Structuring AI and Data Analytics Use Cases and Compliance
Fully harnessing AI’s potential requires well-defined AI use cases and robust compliance frameworks.
These will ensure that AI initiatives are strategically aligned with business goals and adhere to regulatory standards, mitigating risks and maximising benefits.
Defining Clear AI Use Cases to Maximise Strategic Value
ADAPT’s Data & AI Edge Survey reveals a gap in AI use case identification among Australian enterprises.
Nearly half (48%) of the surveyed Chief Data & Analytics Officers (CDAOs) report that their organisations lack well-defined AI use cases for 2024.
This absence of clear AI use cases indicates that many organisations still need to leverage AI to its full potential.
Initiatives can become fragmented and misaligned with broader, specific strategic use cases.
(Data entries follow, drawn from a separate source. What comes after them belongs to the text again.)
(* The monoid $\mathcal{BR}(\mathfrak{S}_n)$ is presented by generators $e_1,\ldots,e_{n-1}$ and $z_1,\ldots,z_{n-1}$ subject to the relations: $e_i^2=e_i$ and $e_ie_j=e_je_i$ for all $i,j$; $z_iz_jz_i=z_jz_iz_j$ for $|i-j|=1$; $z_iz_j=z_jz_i$ for $|i-j|>1$; $e_iz_j=z_je_i$ for all $i,j$; $z_i^2=e_i$; $e_iz_i=z_i$.
   Context: $\mathfrak{C}_n$ is the partition monoid: set partitions of $[2n]$ (top points $1,\dots,n$, bottom points $n+1,\dots,2n$) with concatenation product $I*J$ (identify bottom point $n+i$ of $I$ with top point $i$ of $J$, join blocks transitively, delete the middle points). $I\preceq J$ means each block of $J$ is a union of blocks of $I$. $\mathfrak{S}_n\subseteq\mathfrak{C}_n$ consists of the partitions with all blocks of the form $\{i,n+j\}$; $s_i$ is the simple transposition; $1=\{\{i,n+i\}\}$. A set partition $J$ of $[2n]$ is boxed if $1\preceq J$ and the restriction of $J$ to $[n]$ is linear (all blocks intervals). $\mathcal{BR}(\mathfrak{S}_n)$ is the set of pairs $(I,J)$ with $I\in\mathfrak{S}_n$, $J$ boxed, $I\preceq J$, with product $(I,J)(H,K)=(I*H,J*K)$. Let $b_i$ be obtained from $1$ by merging the blocks $\{i,n+i\}$ and $\{i+1,n+i+1\}$; $e_i=(1,b_i)$ and $z_i=(s_i,b_i)$. *)

theory Defs
  imports "HOL-Library.Disjoint_Sets"
begin

text \<open>A set partition of [2n] is a set of nonempty pairwise disjoint blocks covering {1..2n}.
Top points are 1..n, bottom points are n+1..2n.\<close>

definition pmon :: "nat \<Rightarrow> nat set set set" where
  "pmon n = {P. partition_on {1..2*n} P}"

definition rel_of :: "nat set set \<Rightarrow> (nat \<times> nat) set" where
  "rel_of P = (\<Union>B\<in>P. B \<times> B)"

text \<open>Concatenation product: the blocks of J are shifted by n, so top point i of J
becomes n+i (identified with the bottom point n+i of I) and bottom point n+i of J
becomes 2n+i.\<close>

definition pmult :: "nat \<Rightarrow> nat set set \<Rightarrow> nat set set \<Rightarrow> nat set set" where
  "pmult n I J =
     (let J' = (\<lambda>B. (\<lambda>x. x + n) ` B) ` J;
          R = (rel_of I \<union> rel_of J')\<^sup>+;
          mid = {n+1..2*n};
          f = (\<lambda>x. if x > 2*n then x - n else x)
      in {f ` (C - mid) | C. C \<in> {1..3*n} // R \<and> C - mid \<noteq> {}})"

definition refines :: "nat set set \<Rightarrow> nat set set \<Rightarrow> bool" where
  "refines I J \<longleftrightarrow> (\<forall>B\<in>J. \<exists>S\<subseteq>I. B = \<Union>S)"

definition one_p :: "nat \<Rightarrow> nat set set" where
  "one_p n = {{i, n+i} | i. i \<in> {1..n}}"

definition sym_part :: "nat \<Rightarrow> nat set set set" where
  "sym_part n = {P \<in> pmon n. \<forall>B\<in>P. \<exists>i j. i \<in> {1..n} \<and> j \<in> {1..n} \<and> B = {i, n+j}}"

definition s_p :: "nat \<Rightarrow> nat \<Rightarrow> nat set set" where
  "s_p n i = {{k, n + (if k = i then i+1 else if k = i+1 then i else k)} | k. k \<in> {1..n}}"

definition linear_part :: "nat set set \<Rightarrow> bool" where
  "linear_part P \<longleftrightarrow> (\<forall>B\<in>P. \<exists>a b. B = {a..b})"

definition restrict_part :: "nat set set \<Rightarrow> nat set \<Rightarrow> nat set set" where
  "restrict_part P A = {B \<inter> A | B. B \<in> P \<and> B \<inter> A \<noteq> {}}"

definition boxed :: "nat \<Rightarrow> nat set set \<Rightarrow> bool" where
  "boxed n J \<longleftrightarrow> J \<in> pmon n \<and> refines (one_p n) J \<and> linear_part (restrict_part J {1..n})"

definition BR :: "nat \<Rightarrow> (nat set set \<times> nat set set) set" where
  "BR n = {(I, J). I \<in> sym_part n \<and> boxed n J \<and> refines I J}"

definition bmult :: "nat \<Rightarrow> nat set set \<times> nat set set \<Rightarrow> nat set set \<times> nat set set
                     \<Rightarrow> nat set set \<times> nat set set" where
  "bmult n x y = (pmult n (fst x) (fst y), pmult n (snd x) (snd y))"

definition b_p :: "nat \<Rightarrow> nat \<Rightarrow> nat set set" where
  "b_p n i = (one_p n - {{i, n+i}, {i+1, n+i+1}}) \<union> {{i, i+1, n+i, n+i+1}}"

datatype gen = E nat | Z nat

definition gens :: "nat \<Rightarrow> gen set" where
  "gens n = {E i | i. 1 \<le> i \<and> i < n} \<union> {Z i | i. 1 \<le> i \<and> i < n}"

fun gen_val :: "nat \<Rightarrow> gen \<Rightarrow> nat set set \<times> nat set set" where
  "gen_val n (E i) = (one_p n, b_p n i)"
| "gen_val n (Z i) = (s_p n i, b_p n i)"

fun eval_word :: "nat \<Rightarrow> gen list \<Rightarrow> nat set set \<times> nat set set" where
  "eval_word n [] = (one_p n, one_p n)"
| "eval_word n (g # w) = bmult n (gen_val n g) (eval_word n w)"

definition rels :: "nat \<Rightarrow> (gen list \<times> gen list) set" where
  "rels n =
     {([E i, E i], [E i]) | i. 1 \<le> i \<and> i < n}
   \<union> {([E i, E j], [E j, E i]) | i j. 1 \<le> i \<and> i < n \<and> 1 \<le> j \<and> j < n}
   \<union> {([Z i, Z j, Z i], [Z j, Z i, Z j]) | i j. 1 \<le> i \<and> i < n \<and> 1 \<le> j \<and> j < n \<and> (i = j + 1 \<or> j = i + 1)}
   \<union> {([Z i, Z j], [Z j, Z i]) | i j. 1 \<le> i \<and> i < n \<and> 1 \<le> j \<and> j < n \<and> (i > j + 1 \<or> j > i + 1)}
   \<union> {([E i, Z j], [Z j, E i]) | i j. 1 \<le> i \<and> i < n \<and> 1 \<le> j \<and> j < n}
   \<union> {([Z i, Z i], [E i]) | i. 1 \<le> i \<and> i < n}
   \<union> {([E i, Z i], [Z i]) | i. 1 \<le> i \<and> i < n}"

inductive wcong :: "(gen list \<times> gen list) set \<Rightarrow> gen list \<Rightarrow> gen list \<Rightarrow> bool"
  for R where
  rel: "(l, r) \<in> R \<Longrightarrow> wcong R (u @ l @ v) (u @ r @ v)"
| refl: "wcong R w w"
| sym: "wcong R u v \<Longrightarrow> wcong R v u"
| trans: "wcong R u v \<Longrightarrow> wcong R v w \<Longrightarrow> wcong R u w"

end

theory Submission
  imports Defs "HOL-Combinatorics.Permutations"
begin

(*
  Every word w in the generators carries two invariants: the permutation word_perm w, in which
  z_i acts as the transposition (i i+1) and e_i trivially, and its support word_support w, the
  set of indices occurring in w.  The value of w in BR(S_n) is the pair formed by the partition
  of that permutation and the boxed partition whose top blocks are the runs of points linked by
  the support; both invariants can be read back from this pair.

  The relations preserve both invariants.  Conversely they rewrite every word into an e-word on
  its support followed by a canonical z-word of its permutation: the e's commute with everything
  and are idempotent, e_i z_i = z_i inserts an e_i next to each z_i, z_i z_i = e_i absorbs
  repetitions, and the braid relations sort the z's into a product of cycles z_j z_(j+1) ... z_k.
  So a congruence class is determined by the two invariants.  Finally, the elements of BR(S_n)
  are exactly the pairs (permutation, support) in which the permutation preserves every run of
  the support, and peeling off one cycle at a time realises each of them by a word.
*)

section \<open>Words modulo the relations\<close>

abbreviation rcong :: "nat \<Rightarrow> gen list \<Rightarrow> gen list \<Rightarrow> bool" where
  "rcong n \<equiv> wcong (rels n)"

lemmas wcong_trans[trans] = wcong.trans

lemma wcong_append: "wcong R u v \<Longrightarrow> wcong R (x @ u @ y) (x @ v @ y)"
proof (induction rule: wcong.induct)
  case (rel l r u v)
  then show ?case using wcong.rel[of l r R "x @ u" "v @ y"] by simp
qed (auto intro: wcong.refl wcong.sym wcong.trans)

lemma wcong_append_left: "wcong R u v \<Longrightarrow> wcong R (x @ u) (x @ v)"
  using wcong_append[of R u v x "[]"] by simp

lemma wcong_append_right: "wcong R u v \<Longrightarrow> wcong R (u @ y) (v @ y)"
  using wcong_append[of R u v "[]" y] by simp

lemma wcong_Cons: "wcong R u v \<Longrightarrow> wcong R (g # u) (g # v)"
  using wcong_append_left[of R u v "[g]"] by simp

lemma wcong_relI: "(l, r) \<in> R \<Longrightarrow> wcong R (l @ y) (r @ y)"
  using wcong.rel[of l r R "[]" y] by simp

lemma rels_E_idem: "1 \<le> i \<Longrightarrow> i < n \<Longrightarrow> ([E i, E i], [E i]) \<in> rels n"
  unfolding rels_def by blast

lemma rels_E_comm:
  "1 \<le> i \<Longrightarrow> i < n \<Longrightarrow> 1 \<le> j \<Longrightarrow> j < n \<Longrightarrow> ([E i, E j], [E j, E i]) \<in> rels n"
  unfolding rels_def by blast

lemma rels_E_Z_comm:
  "1 \<le> i \<Longrightarrow> i < n \<Longrightarrow> 1 \<le> j \<Longrightarrow> j < n \<Longrightarrow> ([E i, Z j], [Z j, E i]) \<in> rels n"
  unfolding rels_def by blast

lemma rels_Z_braid:
  "1 \<le> i \<Longrightarrow> Suc i < n \<Longrightarrow> ([Z i, Z (Suc i), Z i], [Z (Suc i), Z i, Z (Suc i)]) \<in> rels n"
  unfolding rels_def by force

lemma rels_Z_comm:
  "1 \<le> i \<Longrightarrow> i < n \<Longrightarrow> 1 \<le> j \<Longrightarrow> j < n \<Longrightarrow> Suc i < j \<or> Suc j < i \<Longrightarrow>
   ([Z i, Z j], [Z j, Z i]) \<in> rels n"
  unfolding rels_def by force

lemma rels_Z_square: "1 \<le> i \<Longrightarrow> i < n \<Longrightarrow> ([Z i, Z i], [E i]) \<in> rels n"
  unfolding rels_def by blast

lemma rels_E_Z_absorb: "1 \<le> i \<Longrightarrow> i < n \<Longrightarrow> ([E i, Z i], [Z i]) \<in> rels n"
  unfolding rels_def by blast

section \<open>Invariants of words\<close>

fun gen_index :: "gen \<Rightarrow> nat" where
  "gen_index (E i) = i"
| "gen_index (Z i) = i"

lemma gens_iff: "g \<in> gens n \<longleftrightarrow> gen_index g \<in> {1..<n}"
  by (cases g) (auto simp: gens_def)

definition word_support :: "gen list \<Rightarrow> nat set" where
  "word_support w = gen_index ` set w"

lemma word_support_simps[simp]:
  "word_support [] = {}"
  "word_support (g # w) = insert (gen_index g) (word_support w)"
  "word_support (u @ w) = word_support u \<union> word_support w"
  "word_support (map E l) = set l"
  "word_support (map Z l) = set l"
  by (auto simp: word_support_def image_image)

lemma words_iff: "set w \<subseteq> gens n \<longleftrightarrow> word_support w \<subseteq> {1..<n}"
  by (auto simp: word_support_def gens_iff)

fun word_perm :: "gen list \<Rightarrow> nat \<Rightarrow> nat" where
  "word_perm [] = id"
| "word_perm (E i # w) = word_perm w"
| "word_perm (Z i # w) = word_perm w \<circ> transpose i (Suc i)"

lemma word_perm_append[simp]: "word_perm (u @ v) = word_perm v \<circ> word_perm u"
proof (induction u)
  case (Cons g u)
  then show ?case by (cases g) (simp_all add: comp_assoc)
qed simp

lemma word_perm_map_E[simp]: "word_perm (map E l) = id"
  by (induction l) auto

lemma word_perm_permutes: "word_support w \<subseteq> {a..<b} \<Longrightarrow> word_perm w permutes {a..b}"
proof (induction w)
  case (Cons g w)
  then have "word_perm w permutes {a..b}" "transpose (gen_index g) (Suc (gen_index g)) permutes {a..b}"
    by (auto intro: permutes_swap_id)
  then show ?case
    by (cases g) (auto simp only: word_perm.simps gen_index.simps intro: permutes_compose)
qed simp

lemma rels_invariants:
  "(l, r) \<in> rels n \<Longrightarrow> word_perm l = word_perm r \<and> word_support l = word_support r"
  unfolding rels_def by (auto simp: fun_eq_iff transpose_def)

lemma rcong_invariants:
  "rcong n u v \<Longrightarrow> word_perm u = word_perm v \<and> word_support u = word_support v"
proof (induction rule: wcong.induct)
  case (rel l r u v)
  then show ?case using rels_invariants[OF rel.hyps] by simp
qed auto

definition joined :: "nat set \<Rightarrow> nat \<Rightarrow> nat \<Rightarrow> bool" where
  "joined S a b \<longleftrightarrow> {min a b..<max a b} \<subseteq> S"

lemma joined_refl[simp]: "joined S a a"
  by (simp add: joined_def)

lemma joined_commute: "joined S a b \<longleftrightarrow> joined S b a"
  by (simp add: joined_def min.commute max.commute)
To address this, organisations must prioritise identifying AI applications that align with their core goals, ensuring that AI efforts are focused and effective.
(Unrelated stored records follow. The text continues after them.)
lemma matrix_group_Gamma0: "matrix_group (Gamma0 N)"
  unfolding matrix_group_def
proof (intro conjI ballI)
  show "mat 1 \<in> Gamma0 N"
    using upper_unipotent_in_Gamma0[of 0 N] by (simp add: mat2_mat_1)
next
  fix g h assume "g \<in> Gamma0 N" "h \<in> Gamma0 N"
  then obtain a b c d a' b' c' d' :: int
    where g: "g = mat2 a b c d" "a*d - b*c = 1" "int N dvd c"
      and h: "h = mat2 a' b' c' d'" "a'*d' - b'*c' = 1" "int N dvd c'"
    unfolding Gamma0_iff by blast
  moreover have "g ** h = mat2 (of_int (a*a' + b*c')) (of_int (a*b' + b*d'))
      (of_int (c*a' + d*c')) (of_int (c*b' + d*d'))"
    unfolding g(1) h(1) mat2_mult by simp
  moreover have "(a*a' + b*c') * (c*b' + d*d') - (a*b' + b*d') * (c*a' + d*c')
      = (a*d - b*c) * (a'*d' - b'*c')"
    by algebra
  ultimately show "g ** h \<in> Gamma0 N"
    unfolding Gamma0_iff by (metis dvd_add dvd_mult2 dvd_mult mult_1)
next
  fix g assume "g \<in> Gamma0 N"
  then obtain a b c d :: int where g: "g = mat2 a b c d" and det: "a*d - b*c = 1" and "int N dvd c"
    unfolding Gamma0_iff by blast
  have "real_of_int a * real_of_int d - real_of_int b * real_of_int c = 1"
    using det by (metis of_int_1 of_int_diff of_int_mult)
  then have inv: "g ** mat2 d (- b) (- c) a = mat 1"
    unfolding g mat2_mult mat2_mat_1 mat2_eq_iff by (simp add: algebra_simps)
  then show "invertible g"
    using invertible_right_inverse by blast
  have "mat2 (of_int d) (of_int (- b)) (of_int (- c)) (of_int a) \<in> Gamma0 N"
    unfolding Gamma0_iff using det \<open>int N dvd c\<close> by (fastforce simp: algebra_simps)
  then show "matrix_inv g \<in> Gamma0 N"
    using matrix_inv_unique[OF inv] by simp
qed

lemma Bmat_eq: "Bmat p = mat2 (real p) 0 0 1"
  unfolding vec_eq_iff forall_2 by (simp add: Bmat_def)

lemma matrix_inv_Bmat:
  assumes "p > 0"
  shows "matrix_inv (Bmat p) = mat2 (1 / real p) 0 0 1"
  using assms by (intro matrix_inv_unique) (simp add: Bmat_eq mat2_mult mat2_mat_1)

lemma invertible_Bmat:
  assumes "p > 0"
  shows "invertible (Bmat p)"
  using assms by (auto simp: invertible_right_inverse Bmat_eq mat2_mult mat2_mat_1
      intro!: exI[of _ "mat2 (1 / real p) 0 0 1"])

lemma Bmat_conjugate_mat2:
  assumes "p > 0"
  shows "Bmat p ** mat2 a b c d ** matrix_inv (Bmat p) = mat2 a (real p * b) (c / real p) d"
  using assms unfolding matrix_inv_Bmat[OF assms] by (simp add: Bmat_eq mat2_mult)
Enhancing Confidence in Managing Financial and Customer Data
While some organisations have made progress in managing certain types of data, confidence levels vary.
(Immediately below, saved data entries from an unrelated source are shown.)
definition e_S :: "'a set set \<Rightarrow> 'a set \<Rightarrow> nat" where
  "e_S E S = card {e \<in> E. e \<inter> S \<noteq> {}}"

definition rho :: "'a set \<Rightarrow> 'a set set \<Rightarrow> 'a set \<Rightarrow> real" where
  "rho V E R = Min {real (e_S E S) / real (card S) | S. S \<noteq> {} \<and> S \<subseteq> V - R}"

definition local_iso ::
  "'a set \<Rightarrow> 'a set set \<Rightarrow> 'a set \<Rightarrow> 'b set \<Rightarrow> 'b set set \<Rightarrow> 'b set \<Rightarrow> ('a \<Rightarrow> 'b) \<Rightarrow> bool" where
  "local_iso V E R V' E' R' \<phi> \<longleftrightarrow>
     \<phi> ` V = V' \<and> \<phi> ` R \<subseteq> R' \<and>
     (\<forall>e\<in>E. \<phi> ` e \<in> E') \<and>
     (\<forall>e\<in>E. \<forall>f\<in>E. e \<noteq> f \<and> e \<inter> f \<noteq> {} \<longrightarrow> \<phi> ` e \<noteq> \<phi> ` f)"

definition in_L ::
  "'a set \<Rightarrow> 'a set set \<Rightarrow> 'a set \<Rightarrow> 'b set \<Rightarrow> 'b set set \<Rightarrow> 'b set \<Rightarrow> bool" where
  "in_L VT ET RT V' E' R' \<longleftrightarrow> rooted_graph V' E' R' \<and> (\<exists>\<phi>. local_iso VT ET RT V' E' R' \<phi>)"

end

theory Submission
  imports Defs
begin

(* Fix S in V(F) - R(F) and let W be its preimage under the local isomorphism phi.
   Giving each v in W the weight 1/|phi^-1(phi v)| yields total weight |S|, and this
   fractional subset of V(T) - R(T) is a positive combination of its level sets.
   Applying rho(T) |A| <= e_A(T) to every level set A bounds rho(T) |S| by the sum, over
   the edges e of T meeting W, of the largest weight on e.  By local injectivity the
   edges of T lying over an edge f of F are at most as many as the vertices over any
   u in f, so those edges contribute at most 1 in total, whence rho(T) |S| <= e_S(F). *)

definition layer_weight :: "nat \<Rightarrow> nat \<Rightarrow> real" where
  "layer_weight N k = 1 / real k - (if k < N then 1 / real (Suc k) else 0)"

lemma layer_weight_pos:
  assumes "0 < k" "k \<le> N"
  shows "0 < layer_weight N k"
  using assms by (auto simp: layer_weight_def field_simps)

lemma sum_layer_weight:
  assumes "m \<le> N"
  shows "(\<Sum>k=m..N. layer_weight N k) = 1 / real m"
  using assms
proof (induction m rule: inc_induct)
  case base
  show ?case by (simp add: layer_weight_def)
next
  case (step m)
  then have "{m..N} = insert m {Suc m..N}" by auto
  with step show ?case by (simp add: layer_weight_def)
qed

lemma layer_cake_reciprocal:
  fixes g :: "'a \<Rightarrow> nat"
  assumes "finite X" and "\<And>x. x \<in> X \<Longrightarrow> 0 < g x \<and> g x \<le> N"
  shows "(\<Sum>k=1..N. layer_weight N k * real (card {x\<in>X. g x \<le> k})) = (\<Sum>x\<in>X. 1 / real (g x))"
proof -
  have "(\<Sum>k=1..N. layer_weight N k * real (card {x\<in>X. g x \<le> k}))
      = (\<Sum>k=1..N. \<Sum>x\<in>X. if g x \<le> k then layer_weight N k else 0)"
    using \<open>finite X\<close> by (simp add: sum.If_cases Int_def conj_commute mult.commute)
  also have "\<dots> = (\<Sum>x\<in>X. \<Sum>k=1..N. if g x \<le> k then layer_weight N k else 0)"
    by (rule sum.swap)
  also have "\<dots> = (\<Sum>x\<in>X. 1 / real (g x))"
  proof (rule sum.cong)
    fix x assume "x \<in> X"
    then have "{1..N} \<inter> {k. g x \<le> k} = {g x..N}" using assms(2)[of x] by auto
    then show "(\<Sum>k=1..N. if g x \<le> k then layer_weight N k else 0) = 1 / real (g x)"
      using assms(2) \<open>x \<in> X\<close> by (simp add: sum.If_cases sum_layer_weight)
  qed simp
  finally show ?thesis .
qed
The survey showed that organisations generally feel more confident handling financial and customer data.
However, there is less confidence in managing environmental data, primarily due to the complexities of multiple regulatory frameworks and a lack of transparent data stewardship.
This disparity highlights the need for robust, adaptable compliance frameworks that address various data types and regulatory requirements.
ADAPT’s Gabby Fredkin noted, “Effective data stewardship and comprehensive regulatory compliance are crucial for mitigating risks associated with AI applications.”
Organisations must develop strategies that address these gaps to ensure comprehensive data management and regulatory adherence.
Building Structured Frameworks for AI Compliance
Developing structured frameworks for AI compliance ensures that AI initiatives are legally sound and ethically responsible.
These frameworks should be comprehensive, addressing diverse regulatory requirements and data types, encompassing data governance, security, and ethical considerations.
Such a framework not only ensures adherence to regulations but also enhances the trustworthiness and reliability of AI systems, helping organisations mitigate legal and reputational risks while fostering a culture of ethical AI deployment.
Implementing a comprehensive compliance framework is crucial for building trust in AI systems and ensuring their sustainable integration.
What’s the future of AI and Data Analytics in Australia?
Since the GFC, we’ve consistently done more with less, leading to underfunded technology and underappreciated technologists. Risk-averse boards hesitate to focus long-term.
With the AI tidal wave coming, articulating business value is more critical than ever. CEOs and CFOs need essential investments, not just nice-to-haves.
By refining strategies, overcoming challenges, and focusing on strategic alignment, robust governance, and continuous learning, Australian enterprises can harness the power of AI to achieve sustainable growth and success.